Тогда они сосредоточились на попытках вырастить его в культуре. Для этого, в первую очередь, было необходимо предоставить таинственному созданию среду из живых клеток, в которой оно сможет размножаться до тех пор, пока не нанесет этим клеткам достаточный урон, проявив тем самым себя. Эти живые клетки должны принадлежать к одной из «бессмертных» линий (как, например, знаменитые клетки HeLa, полученные у несчастной женщины по имени Генриетта Лакс) – то есть размножаться до тех пор, пока их что-то не убьет. Команда Пейриса предложила новому микробу пять разных клеточных линий, которые ранее оказывались хорошим «домом» для знакомых респираторных патогенов: клетки из почки собаки, из крысиной опухоли, из легких человеческого зародыша, полученного при выкидыше, и других. Результата это не дало. Не было отмечено никаких признаков повреждения клеток – и, соответственно, признаков роста вируса. Тогда они попробовали еще одну линию, полученную из почечных клеток зародыша макаки-резуса. Получилось! К середине марта они отметили «цитопатический эффект» в культуре обезьяньих клеток; это означало, что в них начало что-то размножаться и уничтожать их, переходя от клетки к клетке. Еще через несколько дней ученым с помощью электронного микроскопа удалось получить изображение круглых вирусных частиц, окруженных короной из шипиков. Это оказалось настолько неожиданным, что одному из микроскопистов даже пришлось, по сути, обратиться к полевому справочнику: он пролистал большую книгу микрофотографий вирусов в поисках совпадений, как вы или я искали бы неизвестную вам птицу или полевой цветок. Совпадение нашлось среди группы, известной как коронавирусы; их самая заметная характеристика – корона из узловатых белков, окружающих каждую вирусную частицу.
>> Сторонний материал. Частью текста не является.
lemma markov_closed_set_contains_cc:
  assumes "is_strategy p" "is_strategy q"
    and p2: "0 < p 2" "p 2 < 1" and p4: "p 4 > 0" and q2: "q 2 < 1" and q34: "q 3 + q 4 > 0"
    and cl: "closed_set (markov p q) B" and sub: "B \<subseteq> states" and ne: "B \<noteq> {}"
  shows "1 \<in> B"
proof -
  have nonneg: "0 \<le> p 3" "0 \<le> q 3" "0 \<le> q 4"
    using assms(1,2) by (auto simp: is_strategy_def states_def)
  have step: "\<lbrakk>i \<in> B; markov p q i j > 0; j \<in> {1, 2, 3, 4}\<rbrakk> \<Longrightarrow> j \<in> B" for i j
    using closed_setD[OF cl] by (auto simp: states_eq)
  have from4_to_2: "1 \<in> B \<or> 2 \<in> B" if "4 \<in> B"
    using step[OF that, of 1] step[OF that, of 2] p4 nonneg(3)
    by (cases "q 4 > 0") (auto simp: markov_simps qprime_simps)
  have from2: "1 \<in> B" if "2 \<in> B"
  proof (cases "q 3 > 0")
    case True
    then show ?thesis
      using step[OF that, of 1] p2 by (simp add: markov_simps qprime_simps)
  next
    case False
    then have "q 3 = 0" "q 4 > 0"
      using nonneg q34 by linarith+
    then have "4 \<in> B"
      using step[OF that, of 4] p2 by (simp add: markov_simps qprime_simps)
    then show ?thesis
      using step[of 4 1] p4 \<open>q 4 > 0\<close> by (simp add: markov_simps qprime_simps)
  qed
  have from4: "1 \<in> B" if "4 \<in> B"
    using from4_to_2[OF that] from2 by blast
  have from3: "1 \<in> B" if "3 \<in> B"
    using step[OF that, of 2] step[OF that, of 4] q2 nonneg(1) from2 from4
    by (cases "p 3 > 0") (auto simp: markov_simps qprime_simps)
  obtain i where "i \<in> B"
    using ne by blast
  then show ?thesis
    using sub from2 from3 from4 by (auto simp: states_eq)
qed

theorem proposition2p7:
  fixes T R P S :: real and p q :: "nat \<Rightarrow> real"
  assumes "T > R" "R > P" "P > S" "2 * R > T + S"
    and "is_strategy p" "is_strategy q"
    and "generous p" "nash_X T R P S p"
    and "nash_Y T R P S q"
    and "generous q \<or> q 3 + q 4 > 0"
  shows "(\<forall>A. terminal_set (markov p q) A \<longleftrightarrow> A = {1})
    \<and> (\<exists>v. stationary (markov p q) v)
    \<and> (\<forall>v w. stationary (markov p q) v \<longrightarrow> stationary (markov p q) w \<longrightarrow>
          (\<forall>i\<in>states. v i = w i))"
proof -
  have cc: "1 \<in> states"
    by (simp add: states_def)
  have "p 1 = 1" "q 1 = 1"
    using assms(8,9) by (simp_all add: nash_X_def nash_Y_def agreeable_def)
  then have absorbing: "closed_set (markov p q) {1}"
    by (rule closed_cc_markov)
  have "q 3 \<ge> 0"
    using assms(6) by (simp add: is_strategy_def states_def)
  then have "q 3 + q 4 > 0"
    using assms(10) by (auto simp: generous_def)
  then have reach: "\<And>B. B \<noteq> {} \<Longrightarrow> B \<subseteq> states \<Longrightarrow> closed_set (markov p q) B \<Longrightarrow> 1 \<in> B"
    using markov_closed_set_contains_cc[OF assms(5,6)] assms(7)
      nash_X_p2_less_1[OF assms(1,8,5)] nash_Y_q2_less_1[OF assms(1,9,6)]
    by (simp add: generous_def)
  note M = stochastic_markov[OF assms(5,6)]
  show ?thesis
  proof (intro conjI allI impI ballI)
    show "terminal_set (markov p q) A \<longleftrightarrow> A = {1}" for A
      by (rule terminal_set_iff_absorbing[OF cc absorbing reach])
    show "\<exists>v. stationary (markov p q) v"
      using stationary_point_mass[OF M cc absorbing] by blast
    show "v i = w i" if "stationary (markov p q) v" "stationary (markov p q) w" "i \<in> states"
      for v w i
      using that stationary_eq_point_mass[OF M cc absorbing reach, of v i]
        stationary_eq_point_mass[OF M cc absorbing reach, of w i]
      by simp
  qed
qed

end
Итак, с помощью выращивания в культуре удалось установить, что в тканях пациентов с SARS, – по крайней мере, некоторых из них, – присутствует неизвестный коронавирус, но это еще не означало, что он является причиной заболевания. Чтобы определить причинно-следственную связь, команда Пейриса ввела сыворотку крови пациентов с SARS (которая содержала антитела) в культуру с новым вирусом. Она подействовала, словно святая вода, которой окропили ведьму. Антитела распознали вирус и дали сильную реакцию. Меньше чем через месяц, основываясь на этих данных, а также других тестах, подтвердивших гипотезу, Пейрис с коллегами издали научную статью, осторожно объявив, что новый коронавирус – «возможная причина» SARS[90].
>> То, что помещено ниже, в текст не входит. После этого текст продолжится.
lemma generate_gens_eq: "generate SD gens = gen_prod ` lists I"
proof (rule equalityI)
  show "generate SD gens \<subseteq> gen_prod ` lists I"
  proof
    fix z assume "z \<in> generate SD gens"
    then show "z \<in> gen_prod ` lists I"
    proof (induction rule: generate.induct)
      case one
      have "\<one>\<^bsub>SD\<^esub> = gen_prod []" by simp
      then show ?case by blast
    next
      case (incl h)
      then obtain i where "i \<in> I" "h = gen_prod [i]" by (auto simp: gen_prod_single)
      then show ?case by (intro image_eqI) auto
    next
      case (inv h)
      then obtain i where i: "i \<in> I" "h = (i, g i)" by auto
      then have "inv\<^bsub>SD\<^esub> h = gen_prod [i]"
        using monoid.inv_unique'[OF monoid_SD gen_carrier gen_carrier gen_square gen_square]
        by (simp add: gen_prod_single)
      then show ?case using i by (intro image_eqI) auto
    next
      case (eng h1 h2)
      then obtain u v where "u \<in> lists I" "v \<in> lists I" "h1 = gen_prod u" "h2 = gen_prod v" by blast
      then have "h1 \<otimes>\<^bsub>SD\<^esub> h2 = gen_prod (u @ v)" "u @ v \<in> lists I"
        by (simp_all add: gen_prod_append)
      then show ?case by blast
    qed
  qed
next
  show "gen_prod ` lists I \<subseteq> generate SD gens"
    using gen_prod_in_generate by blast
qed

lemma pres_lift_gen_prod_iso: "pres_lift gen_prod \<in> iso (pres_group I L_rels) (H_grp W GG I g)"
proof -
  have carrier_H: "carrier (H_grp W GG I g) = gen_prod ` lists I"
    by (simp add: H_grp_def generate_gens_eq)
  have "pres_lift gen_prod \<in> hom (pres_group I L_rels) (H_grp W GG I g)"
    by (rule pres_lift_hom) (auto simp: gen_prod_pres_eq gen_prod_in_generate H_grp_def gen_prod_append)
  moreover have "inj_on (pres_lift gen_prod) (carrier (pres_group I L_rels))"
    by (rule pres_lift_inj_on[where M = SD])
      (auto simp: gen_prod_pres_eq gen_prod_append gen_prod_eq_one_imp_pres_eq)
  moreover have "pres_lift gen_prod ` carrier (pres_group I L_rels) = carrier (H_grp W GG I g)"
    by (simp add: pres_lift_image gen_prod_pres_eq carrier_H)
  ultimately show ?thesis by (simp add: iso_def bij_betw_def)
qed

lemma pres_lift_gen_prod_gen: "i \<in> I \<Longrightarrow> pres_lift gen_prod (pres_gen I L_rels i) = (i, g i)"
  by (simp add: pres_gen_def pres_class_def[symmetric] pres_lift_class gen_prod_pres_eq gen_prod_single)

end

theorem lemma1:
  fixes V :: "'v set" and E :: "'v \<Rightarrow> 'v \<Rightarrow> bool"
    and Gs :: "('v list set \<Rightarrow> 'v list set) set"
    and I :: "'v list set set"
    and g :: "'v list set \<Rightarrow> ('v list set \<Rightarrow> 'v list set)"
  defines "W \<equiv> racg V E"
    and "S \<equiv> racg_S V E"
    and "GG \<equiv> (AutS (racg V E) (racg_S V E))\<lparr>carrier := Gs\<rparr>"
  assumes G_sub: "subgroup Gs (AutS W S)"
    and I_sub: "I \<subseteq> S"
    and g_in: "\<forall>i\<in>I. g i \<in> Gs"
    and g_invol: "\<forall>i\<in>I. g i \<otimes>\<^bsub>GG\<^esub> g i = \<one>\<^bsub>GG\<^esub> \<and> g i \<noteq> \<one>\<^bsub>GG\<^esub>"
    and cond_i: "\<forall>i\<in>I. \<forall>s\<in>S. g i s \<in> S"
    and cond_ii: "\<forall>i\<in>I. \<forall>j\<in>I. i \<otimes>\<^bsub>W\<^esub> j = j \<otimes>\<^bsub>W\<^esub> i \<longrightarrow>
        (g i j \<in> I \<and> g j i = i \<and> g (g i j) = g i \<otimes>\<^bsub>GG\<^esub> g j \<otimes>\<^bsub>GG\<^esub> g i) \<or>
        (g j i \<in> I \<and> g i j = j \<and> g (g j i) = g j \<otimes>\<^bsub>GG\<^esub> g i \<otimes>\<^bsub>GG\<^esub> g j)"
    and cond_iii: "\<forall>i\<in>I. g i i = i"
  shows "\<exists>\<phi>. \<phi> \<in> iso (pres_group I (L_rel W GG I g)) (H_grp W GG I g) \<and>
           (\<forall>i\<in>I. \<phi> (pres_gen I (L_rel W GG I g) i) = (i, g i))"
proof -
  have "twisted_racg V E Gs I g W S GG"
    unfolding twisted_racg_def using G_sub I_sub g_in g_invol cond_ii cond_iii
    by (simp add: W_def S_def GG_def)
  then interpret twisted_racg V E Gs I g W S GG .
  show ?thesis using pres_lift_gen_prod_iso pres_lift_gen_prod_gen by blast
qed

end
Они оказались правы, и вирус стал известен как SARS-коронавирус, получив некрасивую аббревиатуру SARS-CoV. То был первый из обнаруженных коронавирусов, вызывающих серьезные болезни у людей. (Несколько других коронавирусов вызывают у людей простудные заболевания. Еще несколько – гепатит у мышей, гастроэнтерит у свиней и респираторные инфекции у индеек.) SARS-CoV звучит совсем не зловеще. В прежние дни новый патоген получил бы более живописное, гео-графичное название вроде «вирус Фошань» или «вирус Гуанчжоу», и все бы говорили: «Остерегайтесь, у него Гуанчжоу!» Но к 2003 году все уже понимали, что такая номенклатура – очерняющая, неприятная и вредная для туризма.
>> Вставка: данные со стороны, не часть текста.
lemma phi_conj_word_eq_zero:
  assumes "\<rho> \<noteq> []" and \<nu>: "set \<nu> \<subseteq> {1..n}" and \<rho>: "set \<rho> \<subseteq> {1..n}"
  shows "\<phi> (word S \<nu> * word S \<rho> * adj (word S \<nu>)) = 0"
proof -
  have bound: "cmod (\<phi> (word S \<nu> * word S \<rho> * adj (word S \<nu>))) \<le> 1 / real n ^ (length \<nu> + m)"
    if "set \<nu> \<subseteq> {1..n}" for \<nu> m
    using that
  proof (induction m arbitrary: \<nu>)
    case 0
    then show ?case
      using norm_phi_conj_word_le[OF 0 word_mem[OF \<rho>]] by (simp add: norm_word[OF \<rho>])
  next
    case (Suc m)
    have "cmod (\<phi> (word S \<nu> * word S \<rho> * adj (word S \<nu>))) \<le> 1 / real n ^ (length (\<nu> @ \<rho>) + m)"
      using Suc.IH[of "\<nu> @ \<rho>"] Suc.prems \<rho> by (simp add: phi_conj_word_append[OF Suc.prems \<rho>])
    also have "\<dots> \<le> 1 / real n ^ (length \<nu> + Suc m)"
      using \<open>\<rho> \<noteq> []\<close> two_le_n
      by (intro divide_left_mono power_increasing) (auto simp: Suc_le_eq)
    finally show ?case .
  qed
  show ?thesis
  proof (rule ccontr)
    assume "\<phi> (word S \<nu> * word S \<rho> * adj (word S \<nu>)) \<noteq> 0"
    then obtain m where "(1 / real n) ^ m < cmod (\<phi> (word S \<nu> * word S \<rho> * adj (word S \<nu>)))"
      using real_arch_pow_inv[of _ "1 / real n"] two_le_n by fastforce
    moreover have "1 / real n ^ (length \<nu> + m) \<le> (1 / real n) ^ m"
      unfolding power_one_over using two_le_n by (intro divide_left_mono power_increasing) auto
    ultimately show False
      using bound[OF \<nu>, of m] by simp
  qed
qed

lemma phi_word_mult_adj_word:
  assumes \<mu>: "set \<mu> \<subseteq> {1..n}" and \<nu>: "set \<nu> \<subseteq> {1..n}"
  shows "\<phi> (word S \<mu> * adj (word S \<nu>)) = (if \<mu> = \<nu> then 1 / of_nat n ^ length \<mu> else 0)"
proof -
  have off_diagonal: "\<phi> (word S \<mu> * adj (word S \<nu>)) = 0"
    if "set \<mu> \<subseteq> {1..n}" "set \<nu> \<subseteq> {1..n}" "length \<nu> \<le> length \<mu>" "\<mu> \<noteq> \<nu>" for \<mu> \<nu>
  proof (cases "take (length \<nu>) \<mu> = \<nu>")
    case True
    then obtain \<rho> where "\<mu> = \<nu> @ \<rho>" "\<rho> \<noteq> []"
      using \<open>\<mu> \<noteq> \<nu>\<close> by (metis append_take_drop_id self_append_conv)
    then show ?thesis
      using phi_conj_word_eq_zero[of \<rho> \<nu>] that by (simp add: word_append)
  next
    case False
    have "\<phi> (word S \<mu> * adj (word S \<nu>)) = \<phi> (word S \<mu> * adj (word S \<nu>) * proj \<mu>)"
      using that by (intro phi_word_mult_proj On_intros)
    also have "\<dots> = \<phi> (word S \<mu> * (adj (word S \<nu>) * word S \<mu>) * adj (word S \<mu>))"
      by (simp add: proj_def mult.assoc)
    also have "\<dots> = \<phi> (word S \<mu> * 0 * adj (word S \<mu>))"
      using that False by (intro phi_equivD adj_word_mult_word_phi_equiv_zero On_intros)
    finally show ?thesis
      by (simp add: phi_zero)
  qed
  show ?thesis
  proof (cases "\<mu> = \<nu>")
    case True
    then show ?thesis
      using phi_proj[OF \<mu>] by (simp add: proj_def)
  next
    case False
    show ?thesis
    proof (cases "length \<nu> \<le> length \<mu>")
      case True
      then show ?thesis using off_diagonal[OF \<mu> \<nu> _ False] False by simp
    next
      case le: False
      have "\<phi> (adj (word S \<mu> * adj (word S \<nu>))) = cnj (\<phi> (word S \<mu> * adj (word S \<nu>)))"
        using \<mu> \<nu> by (intro phi_adj On_intros)
      then show ?thesis
        using off_diagonal[OF \<nu> \<mu>] False le by (simp add: adj_mult adj_adj)
    qed
  qed
qed


lemma phi_conj_S:
  assumes j: "j \<in> {1..n}" and x: "x \<in> On"
  shows "\<phi> (S j * x * adj (S j)) = \<phi> x / of_nat n"
proof -
  define f where "f y = of_nat n * \<phi> (S j * y * adj (S j))" for y
  have mem: "S j * y * adj (S j) \<in> On" if "y \<in> On" for y
    using j that by (intro On_intros)
  have "linear_functional_on On f"
    unfolding linear_functional_on_def
  proof (intro conjI ballI allI)
    fix y z assume "y \<in> On" "z \<in> On"
    moreover have "S j * (y + z) * adj (S j) = S j * y * adj (S j) + S j * z * adj (S j)"
      by (simp add: distrib_left distrib_right)
    ultimately show "f (y + z) = f y + f z"
      by (simp add: f_def phi_add mem distrib_left)
  next
    fix c y assume "y \<in> On"
    moreover have "S j * cscale c y * adj (S j) = cscale c (S j * y * adj (S j))"
      by (simp add: cscale_mult_left cscale_mult_right)
    ultimately show "f (cscale c y) = c * f y"
      by (simp add: f_def phi_cscale mem)
  qed
  moreover have "continuous_on On f"
    unfolding f_def
    by (intro continuous_intros continuous_on_compose2[OF phi_continuous]) (auto simp: mem j S_mem)
  moreover have "f m = \<phi> m" if "m \<in> monomials (S ` {1..n})" for m
    using monomial_phi_equiv_normal_form[OF that]
  proof (elim disjE exE conjE)
    fix \<mu> \<nu> assume \<mu>\<nu>: "set \<mu> \<subseteq> {1..n}" "set \<nu> \<subseteq> {1..n}" "phi_equiv m (word S \<mu> * adj (word S \<nu>))"
    have "f (word S \<mu> * adj (word S \<nu>)) = of_nat n * \<phi> (word S (j # \<mu>) * adj (word S (j # \<nu>)))"
      by (simp add: f_def adj_mult mult.assoc)
    also have "\<dots> = \<phi> (word S \<mu> * adj (word S \<nu>))"
    proof -
      have j\<mu>\<nu>: "set (j # \<mu>) \<subseteq> {1..n}" "set (j # \<nu>) \<subseteq> {1..n}"
        using j \<mu>\<nu> by auto
      show ?thesis
        unfolding phi_word_mult_adj_word[OF \<mu>\<nu>(1,2)] phi_word_mult_adj_word[OF j\<mu>\<nu>]
        using two_le_n by simp
    qed
    finally have "f (word S \<mu> * adj (word S \<nu>)) = \<phi> (word S \<mu> * adj (word S \<nu>))" .
    then show ?thesis
      using phi_equivD[OF \<mu>\<nu>(3) S_mem[OF j] adj_mem[OF S_mem[OF j]]] phi_equiv_phi[OF \<mu>\<nu>(3)]
      by (simp add: f_def)
  next
    assume "phi_equiv m 0"
    then show ?thesis
      using phi_equivD[of m 0, OF _ S_mem[OF j] adj_mem[OF S_mem[OF j]]] phi_equiv_phi[of m 0]
      by (simp add: f_def phi_zero)
  qed
  ultimately have "f x = \<phi> x"
    using linear_functionals_eq_on_cstar_gen[of "S ` {1..n}" f \<phi>] phi_linear phi_continuous x
    unfolding cuntz_alg_def by blast
  then show ?thesis
    using two_le_n by (simp add: f_def field_simps)
qed

lemma phi_Phi_map: "x \<in> On \<Longrightarrow> \<phi> (Phi_map n S x) = \<phi> x"
proof -
  assume x: "x \<in> On"
  have "\<phi> (Phi_map n S x) = (\<Sum>j=1..n. \<phi> (S j * x * adj (S j)))"
    unfolding Phi_map_def by (rule phi_sum) (use x in \<open>auto intro!: On_intros\<close>)
  also have "\<dots> = (\<Sum>j=1..n. \<phi> x / of_nat n)"
    using x by (simp add: phi_conj_S)
  finally show ?thesis
    using two_le_n by simp
qed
Несколько других команд, независимо друг от друга работавших над изоляцией патогена, вызывающего SARS, получили примерно такой же ответ примерно в то же время. В США над этим работала группа в штаб-квартире CDC в Атланте, с длинным списком международных партнеров. В Европе трудились ученые из нескольких исследовательских институтов, рассеянных по Германии, Франции и Нидерландам. В Китае небольшой отряд усердных, способных и почтительных ученых изолировал коронавирус и сфотографировал его за несколько недель до группы Пейриса. К сожалению, этим китайским ученым не повезло: они работали в Академии военно-медицинских наук, и на них давил авторитет августейшего пекинского научного светила, продвигавшего теорию хламидий, так что первыми объявить о своем открытии они не сумели. «Мы были слишком осторожны, – позже сказал один из них. – Мы прождали слишком долго»[91].
Следующим логичным шагом для Малика Пейриса и его команды – после опознания вируса, секвенирования части генома и определения его положения в семейном древе других коронавирусов – стали поиски его происхождения. Он же не мог появиться на пустом месте. Но каковы его естественная среда обитания, цикл жизни, естественный носитель? Один из ученых в той команде, молодой биолог по имени Лео Пун, затронул эту тему во время разговора со мной в Гонконге.
– Данные, найденные в человеческих образцах, – сказал Пун, – говорили о том, что этот вирус для людей новый. Я имею в виду, что люди раньше этим вирусом не заражались. Так что он, похоже, пришел от каких-то животных.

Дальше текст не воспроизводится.